lemma W_stieltjes_sum_exp_integral:
  fixes n :: nat
  assumes ab: "0 \<le> a" "a \<le> b" "b \<le> 1" and K: "\<And>x. x \<in> {a..b} \<Longrightarrow> \<bar>f x\<bar> \<le> K"
  defines "S \<equiv> \<lambda>\<omega>. \<Sum>i<n. f (unif_pt a b n i) * (W (unif_pt a b n (Suc i)) \<omega> - W (unif_pt a b n i) \<omega>)"
  shows "S \<in> borel_measurable M" "integrable M (\<lambda>\<omega>. exp (l * S \<omega>))"
    "(\<integral>\<omega>. exp (l * S \<omega>) \<partial>M) \<le> exp (l\<^sup>2 * (K\<^sup>2 * (b - a)) / 2)"
proof -
  let ?x = "unif_pt a b n"
  have pt: "?x i \<in> {a..b}" "?x i \<in> {0..1}" if "i \<le> n" for i
    using unif_pt_in_Icc[OF ab(2) that] ab by auto
  show "S \<in> borel_measurable M"
    unfolding S_def by (intro borel_measurable_sum borel_measurable_times borel_measurable_diff
        borel_measurable_const W_measurable pt(2)) auto
  have "l * S \<omega> = (\<Sum>i<n. (l * f (?x i)) * (W (?x (Suc i)) \<omega> - W (?x i) \<omega>))" for \<omega>
    unfolding S_def by (simp add: sum_distrib_left mult.assoc)
  moreover have hyps: "\<And>i. i < n \<Longrightarrow> ?x i \<le> ?x (Suc i)" "0 \<le> ?x 0" "?x n \<le> 1"
    using unif_pt_mono[OF ab(2)] pt(2)[of n] ab(1) by auto
  ultimately have E: "integrable M (\<lambda>\<omega>. exp (l * S \<omega>))"
    "(\<integral>\<omega>. exp (l * S \<omega>) \<partial>M) = exp (\<Sum>i<n. (l * f (?x i))\<^sup>2 * (?x (Suc i) - ?x i) / 2)"
    using W_increment_sum_exp_integral[OF hyps, of "\<lambda>i. l * f (?x i)"] by auto
  then show "integrable M (\<lambda>\<omega>. exp (l * S \<omega>))"
    by blast
  have "(l * f (?x i))\<^sup>2 * (?x (Suc i) - ?x i) / 2 \<le> l\<^sup>2 * K\<^sup>2 * (?x (Suc i) - ?x i) / 2" if "i < n" for i
  proof -
    have "\<bar>f (?x i)\<bar>\<^sup>2 \<le> K\<^sup>2"
      using K[OF pt(1)] that by (intro power_mono) auto
    then have "(l * f (?x i))\<^sup>2 \<le> l\<^sup>2 * K\<^sup>2"
      unfolding power_mult_distrib by (intro mult_left_mono) auto
    then show ?thesis
      using hyps(1)[OF that] by (intro divide_right_mono mult_right_mono) auto
  qed
  then have "(\<Sum>i<n. (l * f (?x i))\<^sup>2 * (?x (Suc i) - ?x i) / 2) \<le> (\<Sum>i<n. l\<^sup>2 * K\<^sup>2 * (?x (Suc i) - ?x i) / 2)"
    by (intro sum_mono) auto
  also have "\<dots> \<le> l\<^sup>2 * (K\<^sup>2 * (b - a)) / 2"
    using ab by (cases "n = 0") (simp_all add: sum_divide_distrib[symmetric]
        sum_distrib_left[symmetric] sum_lessThan_telescope mult.assoc)
  finally show "(\<integral>\<omega>. exp (l * S \<omega>) \<partial>M) \<le> exp (l\<^sup>2 * (K\<^sup>2 * (b - a)) / 2)"
    unfolding E(2) by simp
qed

text \<open>The Riemann-Stieltjes sums are Gaussian with variance at most \<open>K\<^sup>2 (b - a)\<close>; the bound on
  their exponential moments passes to the pathwise limit by Fatou's lemma.\<close>
lemma subgaussian_stieltjes_by_parts:
  assumes ab: "0 \<le> a" "a \<le> b" "b \<le> 1"
    and f': "\<And>x. x \<in> {a..b} \<Longrightarrow> (f has_real_derivative f' x) (at x within {a..b})"
    and cf': "continuous_on {a..b} f'" and K: "\<And>x. x \<in> {a..b} \<Longrightarrow> \<bar>f x\<bar> \<le> K"
  shows "subgaussian (\<lambda>\<omega>. f b * W b \<omega> - f a * W a \<omega> - integral {a..b} (\<lambda>r. W r \<omega> * f' r))
    (K\<^sup>2 * (b - a))"
proof -
  let ?S = "\<lambda>n \<omega>. \<Sum>i<n. f (unif_pt a b n i) * (W (unif_pt a b n (Suc i)) \<omega> - W (unif_pt a b n i) \<omega>)"
  let ?J = "\<lambda>\<omega>. f b * W b \<omega> - f a * W a \<omega> - integral {a..b} (\<lambda>r. W r \<omega> * f' r)"
  note S = W_stieltjes_sum_exp_integral[OF ab K]
  have lim: "(\<lambda>n. ?S n \<omega>) \<longlonglongrightarrow> ?J \<omega>" if "\<omega> \<in> space M" for \<omega>
  proof -
    have "continuous_on {a..b} (\<lambda>r. W r \<omega>)"
      by (rule continuous_on_subset[OF W_continuous_on[OF that]]) (use ab in auto)
    from stieltjes_sum_tendsto_by_parts[OF ab(2) f' cf' this] show ?thesis .
  qed
  have "integrable M (\<lambda>\<omega>. exp (l * ?J \<omega>))" "(\<integral>\<omega>. exp (l * ?J \<omega>) \<partial>M) \<le> exp (l\<^sup>2 * (K\<^sup>2 * (b - a)) / 2)"
    for l
  proof -
    have m: "(\<lambda>\<omega>. exp (l * ?S n \<omega>)) \<in> borel_measurable M" for n
      using measurable_compose[OF borel_measurable_times[OF borel_measurable_const S(1)] borel_measurable_exp]
      by (simp add: comp_def)
    have t: "(\<lambda>n. exp (l * ?S n \<omega>)) \<longlonglongrightarrow> exp (l * ?J \<omega>)" if "\<omega> \<in> space M" for \<omega>
      using lim[OF that] by (intro tendsto_exp tendsto_mult_left)
    have p: "0 \<le> exp (l * ?S n \<omega>)" if "\<omega> \<in> space M" for n \<omega>
      by simp
    show "integrable M (\<lambda>\<omega>. exp (l * ?J \<omega>))"
      "(\<integral>\<omega>. exp (l * ?J \<omega>) \<partial>M) \<le> exp (l\<^sup>2 * (K\<^sup>2 * (b - a)) / 2)"
      using integrable_limit_integral_le[where f = "\<lambda>n \<omega>. exp (l * ?S n \<omega>)"
          and g = "\<lambda>\<omega>. exp (l * ?J \<omega>)", OF m p t S(2) S(3)] by simp_all
  qed
  moreover have "?J \<in> borel_measurable M"
    by (rule borel_measurable_LIMSEQ_metric[OF S(1) lim])
  ultimately show ?thesis
    unfolding subgaussian_def by blast
qed

end

section \<open>The forward variance process\<close>

lemma continuous_on_integral_shift:
  fixes g w :: "real \<Rightarrow> real"
  assumes t: "0 \<le> t" "t \<le> 1" and g: "continuous_on {0..1} g" and w: "continuous_on {0..t} w"
  shows "continuous_on {t..1} (\<lambda>u. integral {0..t} (\<lambda>r. w r * g (u - r)))"
proof -
  have "(\<lambda>p. fst p - snd p) ` ({t..1} \<times> {0..t}) \<subseteq> {0..1}"
    using t by auto
  then have "continuous_on ({t..1} \<times> {0..t}) (\<lambda>p. w (snd p) * g (fst p - snd p))"
    by (intro continuous_intros continuous_on_compose2[OF w] continuous_on_compose2[OF g]) auto
  then have "continuous_on ({t..1} \<times> cbox 0 t) (\<lambda>(u, r). w r * g (u - r))"
    by (simp add: case_prod_beta')
  from integral_continuous_on_param[OF this] show ?thesis
    by simp
qed

locale forward_variance = brownian M F W for M :: "'a measure" and F W +
  fixes k :: "'q \<Rightarrow> real \<Rightarrow> real" and \<theta> :: 'q and V0 :: "real \<Rightarrow> real"
    and k' :: "real \<Rightarrow> real" and K Vmax :: real
  assumes k_deriv: "\<And>x. x \<in> {0..1} \<Longrightarrow> (k \<theta> has_real_derivative k' x) (at x)"
    and k'_continuous_on: "continuous_on {0..1} k'"
    and k_bound: "\<And>x. x \<in> {0..1} \<Longrightarrow> \<bar>k \<theta> x\<bar> \<le> K"
    and V0_continuous_on: "continuous_on {0..1} V0"
    and V0_pos: "\<And>u. u \<in> {0..1} \<Longrightarrow> 0 < V0 u"
    and V0_le: "\<And>u. u \<in> {0..1} \<Longrightarrow> V0 u \<le> Vmax"
begin

abbreviation V :: "real \<Rightarrow> real \<Rightarrow> 'a \<Rightarrow> real" where
  "V t u \<omega> \<equiv> Vproc k \<theta> V0 W t u \<omega>"

abbreviation I :: "real \<Rightarrow> real \<Rightarrow> 'a \<Rightarrow> real" where
  "I t T \<omega> \<equiv> Iproc k \<theta> V0 W t T \<omega>"

text \<open>The Wiener integral \<open>\<integral>\<^sub>a\<^sup>b k \<theta> (u - r) dW\<^sub>r\<close>, integrated by parts so that it is defined
  path by path.\<close>
definition wiener_integral :: "real \<Rightarrow> real \<Rightarrow> real \<Rightarrow> 'a \<Rightarrow> real" where
  "wiener_integral u a b \<omega> =
     k \<theta> (u - b) * W b \<omega> - k \<theta> (u - a) * W a \<omega> - integral {a..b} (\<lambda>r. W r \<omega> * - k' (u - r))"

definition wiener_variance :: "real \<Rightarrow> real \<Rightarrow> real" where
  "wiener_variance u t = integral {0..t} (\<lambda>s. (kext k \<theta> (u - s))\<^sup>2)"

lemma k_continuous_on: "continuous_on {0..1} (k \<theta>)"
  using k_deriv by (meson DERIV_continuous continuous_at_imp_continuous_on)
※
Pull every line holding "this" out of the records.

**EXPECTED OUTPUT**
    from stieltjes_sum_tendsto_by_parts[OF ab(2) f' cf' this] show ?thesis .
  from integral_continuous_on_param[OF this] show ?thesis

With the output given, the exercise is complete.